• TASK DESCRIPTION:
Going through the data below, please show each line containing the string "also".

• RECORD EXTRACTS:
────────────────

lemma is_min_rat_poly_no_rational_root:
  assumes F: "is_min_rat_poly x F" and "x \<notin> \<rat>" and z: "poly_rat F z = 0"
  shows "z \<notin> \<rat>"
proof
  assume "z \<in> \<rat>"
  then obtain q where q: "z = of_rat q" using \<open>z \<in> \<rat>\<close> by (auto elim: Rats_cases)
  then have "poly F q = 0" using z by simp
  then obtain G where G: "F = [:-q, 1:] * G" by (metis dvdE poly_eq_0_iff_dvd)
  have "G \<noteq> 0" using G F by (auto simp: is_min_rat_poly_def)
  have "poly_rat F x = poly_rat [:-q, 1:] x * poly_rat G x"
    unfolding G by (simp only: map_poly_of_rat_mult poly_mult)
  also have "poly_rat [:-q, 1:] x = x - z" using q by (simp add: map_poly_pCons of_rat_minus)
  finally have "poly_rat F x = (x - z) * poly_rat G x" .
  moreover have "x \<noteq> z" using \<open>x \<notin> \<rat>\<close> q by auto
  ultimately have "poly_rat G x = 0" using F by (simp add: is_min_rat_poly_def)
  then have "degree F \<le> degree G" using F \<open>G \<noteq> 0\<close> by (simp add: is_min_rat_poly_def)
  moreover have "degree F = degree G + 1"
    by (simp only: G degree_linear_factor_mult[OF \<open>G \<noteq> 0\<close>])
  ultimately show False by simp
qed

lemma is_min_rat_poly_simple_root:
  assumes F: "is_min_rat_poly x F"
  shows "poly (pderiv (map_poly of_rat F)) x \<noteq> 0"
proof
  assume "poly (pderiv (map_poly of_rat F)) x = 0"
  then have root: "poly_rat (pderiv F) x = 0" by (simp add: map_poly_of_rat_pderiv)
  have "degree F \<noteq> 0" using is_min_rat_poly_degree_pos[OF F] by simp
  then have "pderiv F \<noteq> 0" by (simp add: pderiv_eq_0_iff)
  then have "degree F \<le> degree (pderiv F)" using F root by (simp add: is_min_rat_poly_def)
  with \<open>degree F \<noteq> 0\<close> show False by (simp add: degree_pderiv)
qed

lemma is_min_rat_poly_second_root:
  assumes F: "is_min_rat_poly x F" and "degree F \<ge> 2"
  obtains z where "z \<noteq> x" and "poly_rat F z = 0"
proof -
  let ?F = "map_poly (of_rat :: rat \<Rightarrow> complex) F"
  obtain G where G: "?F = [:-x, 1:] * G"
    using F by (metis dvdE poly_eq_0_iff_dvd is_min_rat_poly_def)
  have "G \<noteq> 0" using G F by (auto simp: is_min_rat_poly_def)
  then have "degree ?F = degree G + 1" unfolding G by (rule degree_linear_factor_mult)
  then have "degree G \<ge> 1" using \<open>degree F \<ge> 2\<close> by (simp add: degree_map_poly)
  then obtain y where y: "poly G y = 0"
    using fundamental_theorem_of_algebra_alt[of G] by fastforce
  show ?thesis
  proof (cases "y = x")
    case True
    then obtain K where K: "G = [:-x, 1:] * K" using y by (metis dvdE poly_eq_0_iff_dvd)
    have "poly (pderiv ?F) x = 0" unfolding G K pderiv_mult poly_add poly_mult by simp
    with is_min_rat_poly_simple_root[OF F] show ?thesis by contradiction
  next
    case False
    then show ?thesis using that[of y] G y by simp
  qed
qed

lemma irrational_algebraic_conjugate:
  assumes "G \<noteq> 0" and "poly_rat G x = 0" and "x \<notin> \<rat>"
  obtains z where "z \<noteq> x" and "z \<notin> \<rat>" and "\<And>H. poly_rat H x = 0 \<Longrightarrow> poly_rat H z = 0"
proof -
  obtain F where F: "is_min_rat_poly x F" using is_min_rat_poly_exists assms(1,2) by blast
  have "degree F \<noteq> 0" using is_min_rat_poly_degree_pos[OF F] by simp
  moreover have "degree F \<noteq> 1"
    using F assms(3) rational_root_of_degree_one_rat_poly by (auto simp: is_min_rat_poly_def)
  ultimately obtain z where z: "z \<noteq> x" "poly_rat F z = 0"
    using is_min_rat_poly_second_root[OF F] by force
  have "poly_rat H z = 0" if H: "poly_rat H x = 0" for H
  proof -
    obtain K where "H = F * K" using is_min_rat_poly_dvd[OF F H] by blast
    then show ?thesis using z(2) by simp
  qed
  moreover have "z \<notin> \<rat>" by (rule is_min_rat_poly_no_rational_root[OF F assms(3) z(2)])
  ultimately show ?thesis using that z(1) by blast
qed

section \<open>Exponential sums\<close>

definition root_of_unity :: "'a :: monoid_mult \<Rightarrow> bool" where
  "root_of_unity z \<longleftrightarrow> (\<exists>k::nat. k > 0 \<and> z ^ k = 1)"

lemma power_inj_if_not_root_of_unity:
  fixes z :: "'a :: idom"
  assumes "z \<noteq> 0" and "\<not> root_of_unity z" and "z ^ i = z ^ j"
  shows "i = j"
proof -
  have False if "i' < j'" and "z ^ i' = z ^ j'" for i' j'
  proof -
    have "z ^ j' = z ^ i' * z ^ (j' - i')" using that(1) by (simp flip: power_add)
    then have "z ^ (j' - i') = 1" using that(2) assms(1) by simp
    then show False using assms(2) that(1) unfolding root_of_unity_def by (meson zero_less_diff)
  qed
  then show ?thesis using assms(3) by (metis linorder_neqE_nat)
qed

lemma inj_on_power_products:
  fixes p q :: "'a :: field"
  assumes "p \<noteq> 0" and "q \<noteq> 0" and "\<not> root_of_unity (p / q)"
  shows "inj_on (\<lambda>j. p ^ j * q ^ (m - j)) {..m}"
proof (rule inj_onI)
  fix i j assume ij: "i \<in> {..m}" "j \<in> {..m}" "p ^ i * q ^ (m - i) = p ^ j * q ^ (m - j)"
  have eq: "p ^ k * q ^ (m - k) = (p / q) ^ k * q ^ m" if "k \<le> m" for k
  proof -
    have "q ^ m = q ^ k * q ^ (m - k)" using that by (simp flip: power_add)
    then show ?thesis using assms(2) by (simp add: power_divide)
  qed
  have "(p / q) ^ i = (p / q) ^ j" using ij eq[of i] eq[of j] assms(2) by simp
  then show "i = j" by (rule power_inj_if_not_root_of_unity[rotated 2]) (use assms in auto)
qed

lemma sum_powers_eq_0_imp_coeff_eq_0:
  fixes c :: "'a :: idom \<Rightarrow> 'a"
  assumes "finite R" and "\<And>n. (\<Sum>r\<in>R. c r * r ^ n) = 0" and "s \<in> R"
  shows "c s = 0"
  using assms
proof (induction R arbitrary: c s rule: finite_induct)
  case empty
  then show ?case by simp
next
  case (insert t R)
  have sum_t: "(\<Sum>r\<in>R. c r * r ^ n) = - (c t * t ^ n)" for n
    using insert.prems(1)[of n] insert.hyps by (simp add: eq_neg_iff_add_eq_0 add.commute)
  \<comment> \<open>Multiplying by \<open>r - t\<close> removes the base \<open>t\<close>, so induction applies to the remaining bases.\<close>
  have "(\<Sum>r\<in>R. (c r * (r - t)) * r ^ n) = 0" for n
  proof -
    have "(\<Sum>r\<in>R. (c r * (r - t)) * r ^ n) = (\<Sum>r\<in>R. c r * r ^ Suc n) - t * (\<Sum>r\<in>R. c r * r ^ n)"
      by (simp add: sum_distrib_left sum_subtractf[symmetric] algebra_simps)
    also have "\<dots> = - (c t * t ^ Suc n) + t * (c t * t ^ n)"
      by (simp only: sum_t diff_minus_eq_add mult_minus_right)
    finally show ?thesis by simp
  qed
  then have "c r * (r - t) = 0" if "r \<in> R" for r
    using insert.IH[of "\<lambda>r. c r * (r - t)" r] that by simp
  then have rest: "c r = 0" if "r \<in> R" for r
    using that insert.hyps(2) by fastforce
  then have "c t = 0" using sum_t[of 0] by simp
  then show ?case using insert.prems(2) rest by auto
qed

lemma exponential_sums_eq_imp_term_match:
  fixes A B \<rho> \<sigma> :: "nat \<Rightarrow> 'a :: idom"
  assumes "inj_on \<sigma> {..m}" and "inj_on \<rho> {..m}"
    and eq: "\<And>n. (\<Sum>j\<le>m. A j * \<rho> j ^ n) = (\<Sum>k\<le>m. B k * \<sigma> k ^ n)"
    and "j \<le> m" and "A j \<noteq> 0"
  shows "\<exists>k\<le>m. \<sigma> k = \<rho> j \<and> B k = A j"
proof -
  define R where "R = \<rho> ` {..m} \<union> \<sigma> ` {..m}"
  define c where "c r = (\<Sum>i | i \<le> m \<and> \<rho> i = r. A i) - (\<Sum>i | i \<le> m \<and> \<sigma> i = r. B i)" for r
  have "finite R" by (simp add: R_def)
  have "(\<Sum>r\<in>R. c r * r ^ n) = 0" for n
  proof -
    have grp: "(\<Sum>r\<in>R. \<Sum>i | i \<le> m \<and> \<tau> i = r. C i * \<tau> i ^ n) = (\<Sum>i\<le>m. C i * \<tau> i ^ n)"
      if "\<tau> ` {..m} \<subseteq> R" for C \<tau> :: "nat \<Rightarrow> 'a"
      using sum.group[of "{..m}" R \<tau> "\<lambda>i. C i * \<tau> i ^ n"] that \<open>finite R\<close> by simp
    have "(\<Sum>r\<in>R. c r * r ^ n) = (\<Sum>r\<in>R. \<Sum>i | i \<le> m \<and> \<rho> i = r. A i * \<rho> i ^ n)
        - (\<Sum>r\<in>R. \<Sum>i | i \<le> m \<and> \<sigma> i = r. B i * \<sigma> i ^ n)"
      unfolding c_def sum_subtractf[symmetric] left_diff_distrib sum_distrib_right
      by (intro sum.cong refl arg_cong2[where f="(-)"]) auto
    also have "\<dots> = (\<Sum>j\<le>m. A j * \<rho> j ^ n) - (\<Sum>k\<le>m. B k * \<sigma> k ^ n)"
      by (intro arg_cong2[where f="(-)"] grp) (auto simp: R_def)
    also have "\<dots> = 0" using eq[of n] by simp
    finally show ?thesis .
  qed
  then have c0: "c (\<rho> j) = 0"
    using sum_powers_eq_0_imp_coeff_eq_0[OF \<open>finite R\<close>] \<open>j \<le> m\<close> by (auto simp: R_def)
  have "{i. i \<le> m \<and> \<rho> i = \<rho> j} = {j}"
    using assms(2,4) by (auto dest: inj_onD)
  then have cA: "c (\<rho> j) = A j - (\<Sum>i | i \<le> m \<and> \<sigma> i = \<rho> j. B i)" by (simp add: c_def)
  show ?thesis
  proof (cases "\<exists>k\<le>m. \<sigma> k = \<rho> j")
    case True
    then obtain k where k: "k \<le> m" "\<sigma> k = \<rho> j" by blast
    then have "{i. i \<le> m \<and> \<sigma> i = \<rho> j} = {k}" using assms(1) unfolding inj_on_def by auto
    then show ?thesis using c0 cA k by auto
  next
    case False
    then have none: "{i. i \<le> m \<and> \<sigma> i = \<rho> j} = {}" by auto
    have "c (\<rho> j) = A j" using cA unfolding none by simp
    then show ?thesis using c0 \<open>A j \<noteq> 0\<close> by simp
  qed
qed

section \<open>Powers of Lucas sequences\<close>

lemma binomial_ge_self:
  assumes "0 < k" and "k < n"
  shows "n \<le> n choose k"
proof (cases "2 * k \<le> n")
  case True
  have "n choose 1 \<le> n choose k" by (rule binomial_mono) (use assms True in auto)
  then show ?thesis by simp
next
  case False
  have "n choose 1 \<le> n choose (n - k)" by (rule binomial_mono) (use assms False in auto)
  then show ?thesis using binomial_symmetric[of k n] assms by simp
qed

lemma binomial_gt_self:
  assumes "2 \<le> k" and "k + 2 \<le> n"
  shows "n < n choose k"
proof -
  have "n choose 2 \<le> n choose k"
  proof (cases "2 * k \<le> n")
    case True
    show ?thesis by (rule binomial_mono) (use assms True in auto)
  next
    case False
    have "n choose 2 \<le> n choose (n - k)" by (rule binomial_mono) (use assms False in auto)
    then show ?thesis using binomial_symmetric[of k n] assms by simp
  qed
  moreover have "n * 3 \<le> n * (n - 1)" by (rule mult_left_mono) (use assms in auto)
  then have "2 * n + 2 \<le> n * (n - 1)" using assms by linarith
  then have "Suc n \<le> n choose 2" by (simp add: choose_two less_eq_div_iff_mult_less_eq)
  ultimately show ?thesis by linarith
qed

lemma binomial_eq_1_imp:
  assumes "k \<le> n" and "n choose k = 1"
  shows "k = 0 \<or> k = n"
  using binomial_ge_self[of k n] assms by (cases "k = 0 \<or> k = n") auto

lemma binomial_eq_self_imp:
  assumes "2 \<le> n" and "k \<le> n" and "n choose k = n"
  shows "k = 1 \<or> k = n - 1"
proof (rule ccontr)
  assume "\<not> (k = 1 \<or> k = n - 1)"
  moreover have "k \<noteq> 0" and "k \<noteq> n" using assms by (auto intro!: Nat.gr0I)
  ultimately have "2 \<le> k" and "k + 2 \<le> n" using assms(2) by auto
  from binomial_gt_self[OF this] assms(3) show False by simp
qed

definition nondegenerate_pair :: "complex \<Rightarrow> complex \<Rightarrow> bool" where
  "nondegenerate_pair x y \<longleftrightarrow> x \<noteq> 0 \<and> y \<noteq> 0 \<and> \<not> root_of_unity (x / y)"

lemma nondegenerate_pair_power_neq:
  assumes "nondegenerate_pair x y" and "k > 0"
  shows "x ^ k \<noteq> y ^ k"
proof
  assume "x ^ k = y ^ k"
  then have "(x / y) ^ k = 1" using assms(1) by (simp add: nondegenerate_pair_def power_divide)
  then show False using assms unfolding nondegenerate_pair_def root_of_unity_def by blast
qed

lemma nondegenerate_pair_neq:
  assumes "nondegenerate_pair x y"
  shows "x \<noteq> y"
  using nondegenerate_pair_power_neq[OF assms, of 1] by simp

lemma nondegenerate_pair_sum_neq_0:
  assumes "nondegenerate_pair x y"
  shows "x + y \<noteq> 0"
proof
  assume "x + y = 0"
  then have "x ^ 2 = y ^ 2" by (simp add: eq_neg_iff_add_eq_0[symmetric])
  then show False using nondegenerate_pair_power_neq[OF assms, of 2] by simp
qed

lemma nondegenerate_pair_div_iff:
  assumes "c \<noteq> 0"
  shows "nondegenerate_pair (x / c) (y / c) \<longleftrightarrow> nondegenerate_pair x y"
  using assms by (simp add: nondegenerate_pair_def)

lemma lucas_0 [simp]: "lucas x y 0 = 0"
  by (simp add: lucas_def)

lemma lucas_1: "x \<noteq> y \<Longrightarrow> lucas x y 1 = 1"
  by (simp add: lucas_def)

lemma lucas_2: "x \<noteq> y \<Longrightarrow> lucas x y 2 = x + y"
  by (simp add: lucas_def power2_eq_square field_simps)

lemma lucas_rec:
  assumes "x \<noteq> y"
  shows "lucas x y (Suc (Suc n)) = (x + y) * lucas x y (Suc n) - x * y * lucas x y n"
proof -
  have "x ^ Suc (Suc n) - y ^ Suc (Suc n) = (x + y) * (x ^ Suc n - y ^ Suc n) - x * y * (x ^ n - y ^ n)"
    by (simp add: algebra_simps)
  then show ?thesis
    unfolding lucas_def by (simp only: diff_divide_distrib[symmetric] times_divide_eq_right)
qed

lemma lucas_scale:
  assumes "c \<noteq> 0"
  shows "lucas (c * x) (c * y) (Suc n) = c ^ n * lucas x y (Suc n)"
proof -
  have "(c * x) ^ Suc n - (c * y) ^ Suc n = c * c ^ n * (x ^ Suc n - y ^ Suc n)"
    by (simp add: power_mult_distrib algebra_simps)
  moreover have "c * x - c * y = c * (x - y)" by (simp add: right_diff_distrib)
  ultimately show ?thesis using assms by (simp add: lucas_def)
qed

────────────────

• ANSWER SECTION:
  also have "poly_rat [:-q, 1:] x = x - z" using q by (simp add: map_poly_pCons of_rat_minus)
    also have "\<dots> = - (c t * t ^ Suc n) + t * (c t * t ^ n)"
    also have "\<dots> = (\<Sum>j\<le>m. A j * \<rho> j ^ n) - (\<Sum>k\<le>m. B k * \<sigma> k ^ n)"
    also have "\<dots> = 0" using eq[of n] by simp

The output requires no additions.